PCWSTR namespaceUri = 0;UINT namespaceUriLength = 0;COM_VERIFY(reader->GetNamespaceUri(&namespaceUri,                                    &namespaceUriLength));PCWSTR localName = 0;UINT localNameLength = 0;COM_VERIFY(reader->GetLocalName(&localName,                                 &localNameLength));

All ixmlreader methods that return string values follow this mode. The first parameter accepts a pointer to a wide character pointer constant. The second parameter is optional. If it is not zero, it returns the length of the string measured in characters (excluding the null Terminator ).

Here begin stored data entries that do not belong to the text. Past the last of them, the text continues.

text \<open>The compensated integral depends 12-Lipschitz on the integrand in mean square:
  compare both integrals with the compensated pathwise integrals of truncations and use the
  L2 bound for the truncated difference.\<close>
lemma compensated_poisson_integral_L2_lipschitz:
  assumes sf: "sigma_finite_measure nu"
    and Y: "compensated_poisson_integral M nu N f Y"
    and Z: "compensated_poisson_integral M nu N g Z"
  shows "(\<integral>\<^sup>+x. ennreal ((Y x - Z x)\<^sup>2) \<partial>M) \<le> 12 * (\<integral>\<^sup>+z. ennreal ((f z - g z)\<^sup>2) \<partial>nu)"
proof (cases "(\<integral>\<^sup>+z. ennreal ((f z - g z)\<^sup>2) \<partial>nu) = \<infinity>")
  case True
  then show ?thesis by (simp add: ennreal_mult_top)
next
  case False
  define K where "K = (\<integral>\<^sup>+z. ennreal ((f z - g z)\<^sup>2) \<partial>nu)"
  have f: "f \<in> borel_measurable nu" "(\<integral>\<^sup>+z. ennreal ((f z)\<^sup>2) \<partial>nu) < \<infinity>" "Y \<in> borel_measurable M"
    using Y unfolding compensated_poisson_integral_def by blast+
  have g: "g \<in> borel_measurable nu" "(\<integral>\<^sup>+z. ennreal ((g z)\<^sup>2) \<partial>nu) < \<infinity>" "Z \<in> borel_measurable M"
    using Z unfolding compensated_poisson_integral_def by blast+
  have fg: "(\<lambda>z. f z - g z) \<in> borel_measurable nu" "(\<integral>\<^sup>+z. ennreal ((f z - g z)\<^sup>2) \<partial>nu) < \<infinity>"
    using f g False by (auto simp: less_top)
  obtain A where A: "range A \<subseteq> sets nu" "(\<Union>i. A i) = space nu" "\<And>i. emeasure nu (A i) \<noteq> \<infinity>" "incseq A"
    using sigma_finite_measure.sigma_finite_incseq[OF sf] by blast
  have A_sets: "A n \<in> sets nu" and A_fin: "emeasure nu (A n) < \<infinity>" for n
    using A by (auto simp: less_top)
  define T where "T u n x = (\<integral>z. u z * indicator (A n) z \<partial>N x) - (\<integral>z. u z * indicator (A n) z \<partial>nu)"
    for u :: "'b \<Rightarrow> real" and n x
  have T_meas: "T u n \<in> borel_measurable M" if "u \<in> borel_measurable nu" for u n
    unfolding T_def using that A_sets by (intro borel_measurable_diff integral_N_measurable) auto
  have lim_Y: "(\<lambda>n. \<integral>\<^sup>+x. ennreal ((Y x - T f n x)\<^sup>2) \<partial>M) \<longlonglongrightarrow> 0"
    unfolding T_def by (rule compensated_poisson_integral_tendsto[OF Y A(1,2,4) A_fin])
  have lim_Z: "(\<lambda>n. \<integral>\<^sup>+x. ennreal ((Z x - T g n x)\<^sup>2) \<partial>M) \<longlonglongrightarrow> 0"
    unfolding T_def by (rule compensated_poisson_integral_tendsto[OF Z A(1,2,4) A_fin])
  have T_diff: "AE x in M. T (\<lambda>z. f z - g z) n x = T f n x - T g n x" for n
    using L2_truncation_integrable(2)[OF f(1,2) A_sets[of n] A_fin[of n]]
      L2_truncation_integrable(2)[OF g(1,2) A_sets[of n] A_fin[of n]]
  proof eventually_elim
    case (elim x)
    then show ?case
      using L2_truncation_integrable(1)[OF f(1,2) A_sets[of n] A_fin[of n]]
        L2_truncation_integrable(1)[OF g(1,2) A_sets[of n] A_fin[of n]]
      by (simp add: T_def left_diff_distrib)
  qed
  have T_bound: "(\<integral>\<^sup>+x. ennreal ((T (\<lambda>z. f z - g z) n x)\<^sup>2) \<partial>M) \<le> 4 * K" for n
  proof -
    have "(\<integral>\<^sup>+x. ennreal ((T (\<lambda>z. f z - g z) n x)\<^sup>2) \<partial>M)
        \<le> 4 * (\<integral>\<^sup>+z. ennreal (((f z - g z) * indicator (A n) z)\<^sup>2) \<partial>nu)"
      unfolding T_def
      by (rule compensated_integral_L2_bound) (use fg A_sets L2_restrict_L1[OF fg A_sets A_fin] in auto)
    also have "\<dots> \<le> 4 * K"
      unfolding K_def by (intro mult_left_mono nn_integral_mono) (auto simp: indicator_def)
    finally show ?thesis .
  qed
  have bound: "(\<integral>\<^sup>+x. ennreal ((Y x - Z x)\<^sup>2) \<partial>M)
      \<le> 3 * (\<integral>\<^sup>+x. ennreal ((Y x - T f n x)\<^sup>2) \<partial>M) + 3 * (\<integral>\<^sup>+x. ennreal ((Z x - T g n x)\<^sup>2) \<partial>M)
        + 12 * K" for n
  proof -
    have "AE x in M. Y x - Z x = (Y x - T f n x) - (Z x - T g n x) + T (\<lambda>z. f z - g z) n x"
      using T_diff[of n] by eventually_elim simp
    then have "(\<integral>\<^sup>+x. ennreal ((Y x - Z x)\<^sup>2) \<partial>M)
        \<le> 3 * (\<integral>\<^sup>+x. ennreal ((Y x - T f n x)\<^sup>2) \<partial>M) + 3 * (\<integral>\<^sup>+x. ennreal ((Z x - T g n x)\<^sup>2) \<partial>M)
          + 3 * (\<integral>\<^sup>+x. ennreal ((T (\<lambda>z. f z - g z) n x)\<^sup>2) \<partial>M)"
      using f(1,3) g(1,3) fg(1) T_meas by (intro nn_integral_square_split3) auto
    also have "\<dots> \<le> 3 * (\<integral>\<^sup>+x. ennreal ((Y x - T f n x)\<^sup>2) \<partial>M)
        + 3 * (\<integral>\<^sup>+x. ennreal ((Z x - T g n x)\<^sup>2) \<partial>M) + 3 * (4 * K)"
      using T_bound[of n] by (intro add_left_mono mult_left_mono) auto
    finally show ?thesis
      by (simp add: mult.assoc[symmetric])
  qed
  have "(\<lambda>n. 3 * (\<integral>\<^sup>+x. ennreal ((Y x - T f n x)\<^sup>2) \<partial>M) + 3 * (\<integral>\<^sup>+x. ennreal ((Z x - T g n x)\<^sup>2) \<partial>M)
        + 12 * K) \<longlonglongrightarrow> 3 * 0 + 3 * 0 + 12 * K"
    by (intro tendsto_add tendsto_const ennreal_tendsto_cmult lim_Y lim_Z) simp_all
  then have "(\<integral>\<^sup>+x. ennreal ((Y x - Z x)\<^sup>2) \<partial>M) \<le> 3 * 0 + 3 * 0 + 12 * K"
    by (rule LIMSEQ_le_const) (use bound in blast)
  then show ?thesis
    by (simp add: K_def)
qed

The following is another example that emphasizes performance. The string pointer returned from the ixmlreader method is valid only when the reader is moved to another node or in some other way (for example, by setting a new input stream or releasing the ixmlreader Interface) to invalidate the current node. In other words, ixmlreader does not return a copy of the stream to the caller.

Unlike the counterparts in. NET Framework, ixmlreader does not provide any methods to read the entered content. For example, if a specific element or attribute contains a number or date, you must first obtain its string representation and convert it as needed .. Many other helper methods in the xmlreader class of net framework do not exist in ixmlreader, but they can be written as helper functions. Xmllite does comply with the c ++ theory of the minimum interface design.

Figure 2 shows the objects and abstractions involved in reading XML documents using ixmlreader. However, keep in mind that istream can extract any storage. The file displayed here is just a common example.

Figure 2 Reader

Write XML

Xmllite provides the createxmlwriter function implemented by the ixmlwriter interface:

CComPtr<IXmlWriter> writer;COM_VERIFY(::CreateXmlWriter(__uuidof(IXmlWriter),                             reinterpret_cast<void**>(&writer),                             0));

After creating the writer, you must specify that the writer will be used as the output storage:

CComPtr<IStream> stream;// Create stream object hereCOM_VERIFY(writer->SetOutput(stream));

Before writing, you can modify the writer attributes. Xmlwriterproperty enumeration defines available properties. For example, you may want to specify whether to indent the XML output for readers to read (this can be done using the setproperty method ):

COM_VERIFY(writer->SetProperty(XmlWriterProperty_Indent, TRUE));

Then you can use the ixmlwriter method to write data to the basic stream. Xmllite supports XML fragments. If you plan to write a complete XML document, you should start by calling the writestartdocument method (which is responsible for writing the XML Declaration. The Declaration depends on the encoding used, but the default encoding is the UTF-8, which should be appropriate in most cases. (Text Encoding will be introduced later .) Multiple writexxx methods are provided for writing various node types, attributes, and values.

Consider the following example:

COM_VERIFY(writer->WriteStartDocument(XmlStandalone_Omit));COM_VERIFY(writer->WriteStartElement(0, L"html", L"http://www.w3.org/1999/xhtml"));COM_VERIFY(writer->WriteStartElement(0, L"head", 0));COM_VERIFY(writer->WriteElementString(0, L"title", 0, L"My Web Page"));COM_VERIFY(writer->WriteEndElement()); //

The writestartdocument method is used to write XML statements to the stream. It has only one parameter, which accepts values from the xmlstandalone enumeration and indicates whether an independent document Declaration exists. If so, it indicates the saved value. When writing XML fragments, the call to writestartdocument is usually omitted.

The writestartelement method accepts the following three parameters: the first parameter specifies the optional namespace prefix of the element, the second parameter specifies the local name of the element, and the third parameter specifies the optional namespace URI. Writeelementstring is one of the most convenient methods provided by xmllite. The following code for writing the XHTML document title is equivalent to the writeelementstring used in the previous example:

COM_VERIFY(writer->WriteStartElement(0, L"title", 0));COM_VERIFY(writer->WriteString(L"My Web Page"));COM_VERIFY(writer->WriteEndElement());

Obviously, the writeelementstring method is not absolutely necessary, but it is indeed useful.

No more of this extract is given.